赵璇这选择题做的实在煎熬,赵明鸣视线如有实质般压在她身上,让人十分不爽。
或许她刚刚应该把赵明鸣派去司徒相艳那边。
她带上赵明鸣有庇护一下这个血亲的意图,毕竟箭雨那边和宴席那边,很难说得准哪头更加安全。而赵明熙与何氏的营帐,很可能已经出了事。
“我去吧。”谢渡安看出赵璇心中焦躁开口道,“我记得他们营帐前有将军府的护卫,情况也许没那么遭,我带四个人去。”

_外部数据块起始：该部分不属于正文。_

text \<open>If p is such a prime, write p^2 - 1 = d y^2 with d squarefree. Then d is a product of
  primes \<le> x, which leaves at most 2^\<pi>(x) choices, and (p, y) solves the Pell equation
  X^2 - d Y^2 = 1, so p + y \<surd>d = \<epsilon>^n for the fundamental solution \<epsilon> of that equation.
  Since X_s divides X_(rs) for odd r, primality of p = X_n forces n = 2^j. The numbers
  X_1, X_2, X_4, ..., X_(2^(j-1)) are pairwise coprime, exceed 1 and all divide Y_(2^j) = y,
  whose prime factors are \<le> x; hence j \<le> \<pi>(x). So there are at most
  2^\<pi>(x) (\<pi>(x) + 1) \<le> 3 * 7^(1 + 2\<pi>(x)) such primes.\<close>

lemma card_le_card_prime_factors_if_coprime_divisors:
  fixes m :: "'a :: factorial_semiring" and f :: "'b \<Rightarrow> 'a"
  assumes "m \<noteq> 0"
    and nonunit: "\<And>i. i \<in> I \<Longrightarrow> \<not> is_unit (f i)"
    and dvd: "\<And>i. i \<in> I \<Longrightarrow> f i dvd m"
    and coprime: "\<And>i k. i \<in> I \<Longrightarrow> k \<in> I \<Longrightarrow> i \<noteq> k \<Longrightarrow> coprime (f i) (f k)"
  shows "card I \<le> card (prime_factors m)"
proof -
  have "\<exists>q. prime q \<and> q dvd f i" if "i \<in> I" for i
    using prime_divisor_exists[of "f i"] nonunit[OF that] dvd[OF that] \<open>m \<noteq> 0\<close>
    by (metis dvd_0_left)
  then obtain q where q: "\<And>i. i \<in> I \<Longrightarrow> prime (q i) \<and> q i dvd f i" by metis
  have "inj_on q I"
  proof (rule inj_onI, rule ccontr)
    fix i k assume "i \<in> I" "k \<in> I" "q i = q k" "i \<noteq> k"
    then have "is_unit (q i)"
      using q coprime coprime_common_divisor by metis
    then show False using q \<open>i \<in> I\<close> not_prime_unit by blast
  qed
  moreover have "q ` I \<subseteq> prime_factors m"
    using q dvd \<open>m \<noteq> 0\<close> dvd_trans by (fastforce simp: in_prime_factors_iff)
  ultimately show ?thesis
    by (metis card_image card_mono finite_set_mset)
qed
lemma normM_three_blocks:
  assumes M3: "\<forall>A :: nat set. card A = 3 \<longrightarrow> A \<in> M"
    and c00: "u1 \<in> c00" "u2 \<in> c00" "u3 \<in> c00"
    and ne: "supp u1 \<noteq> {}" "supp u2 \<noteq> {}" "supp u3 \<noteq> {}"
    and less: "\<forall>a\<in>supp u1. \<forall>b\<in>supp u2. a < b" "\<forall>a\<in>supp u2. \<forall>b\<in>supp u3. a < b"
    and r: "normM M u1 \<le> r" "normM M u2 \<le> r" "normM M u3 \<le> r"
  shows "normM M (\<lambda>n. u1 n + u2 n + u3 n) \<le> 2 * r"
proof (rule normM_leI)
  let ?Es = "[supp u1, supp u2, supp u3]"
  fix t
  assume t: "2 * r < t"
  let ?xs = "[(\<lambda>n. u1 n / (t/2)), (\<lambda>n. u2 n / (t/2)), (\<lambda>n. u3 n / (t/2))]"
  have "set ?xs \<subseteq> Theta M"
    using r t c00 Theta_if_normM_less[of _ M "t/2"] by (simp del: divide_divide_eq_right)
  then have "(\<lambda>n. (1/2) * (\<Sum>k<length ?Es. restr (?Es!k) (?xs!k) n)) \<in> Theta M"
    using admissible_three[OF M3 finite_supp[OF c00(1)] finite_supp[OF c00(2)] finite_supp[OF c00(3)]
        ne less]
    by (intro Theta_admissible) auto
  moreover have "restr (supp u) (\<lambda>n. u n / (t/2)) = (\<lambda>n. u n / (t/2))" for u
    unfolding restr_def supp_def by (auto simp: indicator_def)
  ultimately show "(\<lambda>n. (u1 n + u2 n + u3 n) / t) \<in> Theta M"
    by (simp add: numeral_3_eq_3 lessThan_Suc add_divide_distrib ac_simps del: divide_divide_eq_right)
qed (use c00 r normM_nonneg[OF c00(1), of M] in \<open>auto intro: c00_add\<close>)

lemma obtain_block_subsequence:
  assumes "\<And>N. finite (supp (g N))" "\<And>N. supp (g N) \<noteq> {}" "\<And>N. supp (g N) \<subseteq> {N..}"
  obtains lo where "strict_mono lo" "\<And>j. supp (g (lo j)) \<subseteq> {lo j..<lo (Suc j)}"
proof
  define lo :: "nat \<Rightarrow> nat" where "lo = rec_nat 0 (\<lambda>j l. Max (supp (g l)) + 1)"
  have lo_Suc: "lo (Suc j) = Max (supp (g (lo j))) + 1" for j unfolding lo_def by simp
  show blocks: "supp (g (lo j)) \<subseteq> {lo j..<lo (Suc j)}" for j
    using assms(3)[of "lo j"] Max_ge[OF assms(1)[of "lo j"]] unfolding lo_Suc by fastforce
  show "strict_mono lo"
  proof (rule strict_monoI_Suc)
    fix j
    obtain n where "n \<in> supp (g (lo j))" using assms(2) by blast
    then show "lo j < lo (Suc j)" using blocks[of j] by fastforce
  qed
qed

lemma supp_sum_blocks:
  assumes "mono lo" "\<And>j. supp (z j) \<subseteq> {lo j..<lo (Suc j)}"
  shows "supp (\<lambda>n. \<Sum>j\<in>{a..<b}. z j n) \<subseteq> {lo a..<lo b}"
proof
  fix n
  assume "n \<in> supp (\<lambda>n. \<Sum>j\<in>{a..<b}. z j n)"
  then obtain j where j: "j \<in> {a..<b}" "n \<in> supp (z j)"
    unfolding supp_def by (meson mem_Collect_eq sum.neutral)
  then have "lo a \<le> lo j" "lo (Suc j) \<le> lo b"
    using assms(1) by (auto intro: monoD)
  then show "n \<in> {lo a..<lo b}" using assms(2)[of j] j(2) by auto
qed

lemma triadic_block_sums:
  assumes M3: "\<forall>A :: nat set. card A = 3 \<longrightarrow> A \<in> M" and f: "f \<in> dual_space M" and "\<epsilon> > 0"
    and lo: "mono lo" and z: "\<And>j. z j \<in> c00" "\<And>j. supp (z j) \<subseteq> {lo j..<lo (Suc j)}"
    and bounds: "\<And>j. normM M (z j) \<le> 1" "\<And>j. \<epsilon> \<le> f (z j)"
  shows "normM M (\<lambda>n. \<Sum>j\<in>{s..<s+3^k}. z j n) \<le> 2^k \<and> 3^k * \<epsilon> \<le> f (\<lambda>n. \<Sum>j\<in>{s..<s+3^k}. z j n)"
proof (induction k arbitrary: s)
  case 0
  then show ?case using bounds by simp
next
  case (Suc k)
  define X where "X s = (\<lambda>n. \<Sum>j\<in>{s..<s+3^k}. z j n)" for s
  let ?b = "s + 3^k" and ?c = "s + 3^k + 3^k"
  have split: "(\<lambda>n. \<Sum>j\<in>{s..<s+3^Suc k}. z j n) = (\<lambda>n. X s n + X ?b n + X ?c n)"
  proof
    fix n
    have e: "s + 3^Suc k = ?c + 3^k" by simp
    have "(\<Sum>j\<in>{s..<s+3^Suc k}. z j n) = (\<Sum>j\<in>{s..<?b}. z j n) + (\<Sum>j\<in>{?b..<?c + 3^k}. z j n)"
      unfolding e by (rule sum.atLeastLessThan_concat[symmetric]) auto
    also have "(\<Sum>j\<in>{?b..<?c + 3^k}. z j n) = (\<Sum>j\<in>{?b..<?c}. z j n) + (\<Sum>j\<in>{?c..<?c + 3^k}. z j n)"
      by (rule sum.atLeastLessThan_concat[symmetric]) auto
    finally show "(\<Sum>j\<in>{s..<s+3^Suc k}. z j n) = X s n + X ?b n + X ?c n"
      unfolding X_def by simp
  qed
  have X_c00: "X u \<in> c00" for u
    unfolding X_def using z(1) by (intro c00_sum) auto
  have supp_X: "supp (X u) \<subseteq> {lo u..<lo (u + 3^k)}" for u
    unfolding X_def using lo z(2) by (rule supp_sum_blocks)
  have IH: "normM M (X u) \<le> 2^k" "3^k * \<epsilon> \<le> f (X u)" for u
    using Suc.IH[of u] by (simp_all add: X_def)
  have ne: "supp (X u) \<noteq> {}" for u
    using IH(2)[of u] \<open>\<epsilon> > 0\<close> supp_nonempty_if_dual_pos[OF f, of "X u"]
    by (meson order_less_le_trans zero_less_mult_iff zero_less_numeral zero_less_power)
  have less: "\<forall>a\<in>supp (X u). \<forall>b\<in>supp (X (u + 3^k)). a < b" for u
    using supp_X[of u] supp_X[of "u + 3^k"] by fastforce
  have "normM M (\<lambda>n. X s n + X ?b n + X ?c n) \<le> 2 * 2^k"
    by (rule normM_three_blocks[OF M3 X_c00 X_c00 X_c00 ne ne ne less less IH(1) IH(1) IH(1)])
  moreover have "f (\<lambda>n. X s n + X ?b n + X ?c n) = f (X s) + f (X ?b) + f (X ?c)"
    using dual_add[OF f] X_c00 c00_add by simp
  ultimately show ?case
    unfolding split using IH(2)[of s] IH(2)[of ?b] IH(2)[of ?c] by (simp add: mult.assoc)
qed
lemma phi_pair_pm_one:
  assumes "m > 0" "\<forall>k<m. a k \<in> {1,-1}" "\<forall>k<m. b k \<in> {1,-1}"
  shows "\<forall>g\<in>carrier (Z2xZm m). phi_pair a b g \<in> {1,-1}"
proof
  fix g assume "g \<in> carrier (Z2xZm m)"
  then have "nat (snd g) < m"
    unfolding carrier_Z2xZm[OF assms(1)] by auto
  then show "phi_pair a b g \<in> {1,-1}"
    using assms by (simp add: phi_pair_def)
qed

lemma sum_carrier_Z2xZm:
  assumes "m > 0"
  shows "(\<Sum>h\<in>carrier (Z2xZm m). F h) = (\<Sum>k<m. F (0, int k)) + (\<Sum>k<m. F (1, int k))"
proof -
  have "{0..<int m} = int ` {..<m}"
    by (simp add: image_int_atLeastLessThan lessThan_atLeast0)
  then have int_sum: "(\<Sum>y\<in>{0..<int m}. F (u, y)) = (\<Sum>k<m. F (u, int k))" for u
    by (simp add: sum.reindex)
  have "(\<Sum>h\<in>carrier (Z2xZm m). F h) = (\<Sum>u\<in>{0,1}. \<Sum>y\<in>{0..<int m}. F (u, y))"
    unfolding carrier_Z2xZm[OF assms] by (simp add: sum.cartesian_product)
  then show ?thesis
    by (simp add: int_sum)
qed

lemma nat_mod_int_add: "nat ((int x + int k) mod int m) = (x + k) mod m"
  by (metis nat_int of_nat_add zmod_int)

lemma row_sum_twisted_cocycle_0:
  "m > 0 \<Longrightarrow> (\<Sum>h\<in>carrier (Z2xZm m). twisted_cocycle m a b (0, int x) h) = a x * corr_sum m a b x"
  unfolding sum_carrier_Z2xZm corr_sum_def pcorr_def
  by (simp add: twisted_cocycle_def nat_mod_int_add beta_def coboundary_of_def phi_pair_def
      sum_distrib_left sum.distrib[symmetric] algebra_simps add.commute[of x])

lemma row_sum_twisted_cocycle_1:
  "m > 0 \<Longrightarrow> (\<Sum>h\<in>carrier (Z2xZm m). twisted_cocycle m a b (1, int x) h) = - (b x * corr_diff m a b x)"
  unfolding sum_carrier_Z2xZm corr_diff_def pcorr_def
  by (simp add: twisted_cocycle_def nat_mod_int_add beta_def coboundary_of_def phi_pair_def
      sum_distrib_left sum.distrib[symmetric] sum_subtractf[symmetric] sum_negf[symmetric]
      algebra_simps add.commute[of x])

将军府的护卫皆是精锐,不多,但个个能以一敌五,赵璇稍稍放心:“赵明鸣和你一起。”
她这儿不缺一个赵明鸣,如果将军府的护卫也来了,赵明鸣作为赵家人,跟在何氏身边反而更加安全。
和谢渡安分开后,赵璇带着剩下二十人到了宴席的地方。
御前侍卫和一批穿粗衣的反贼交手,月光出奇的亮,刀剑泛着红光,仔细瞧上面全是血痕。
她一马当先带着徽定卫进入了混战,和御前侍卫组成一堵人墙护住上首的皇帝。
太后与金家人和礼部王侍郎挨得很近,欧阳太师和黄老太傅等一众老臣把皇帝堵在人里。
她余光只隐约看见皇帝那顶金色的头冠,箭射过来肯定是插不到皇帝身上。
还好不是王负剑王负剑的状况,赵璇稍稍松口气,皇帝活着,徽定卫就能活。
这次的贼人明显与蒙林那帮乌合之众不一样,身上一股亡命之徒的味道,作战水平也更高。
她解决了两个人,手腕开始泛痛。
赵璇后退一步,抹掉脸上刺疼中溢出的血珠,心中直打鼓。
差点被抹了脖子,她当安监使可不是想丢命。
俗话说得好,硬拼不如智取。还有一句,生命价最高。
她又在混乱中退上两个台阶,往贼人里看了一圈,没有找到疑似是发号施令的人。
不应该啊,这批人又是在林子里打游击,又是有组织有战术杀进营帐地盘,肯定又幕后军师或者首领进行指导。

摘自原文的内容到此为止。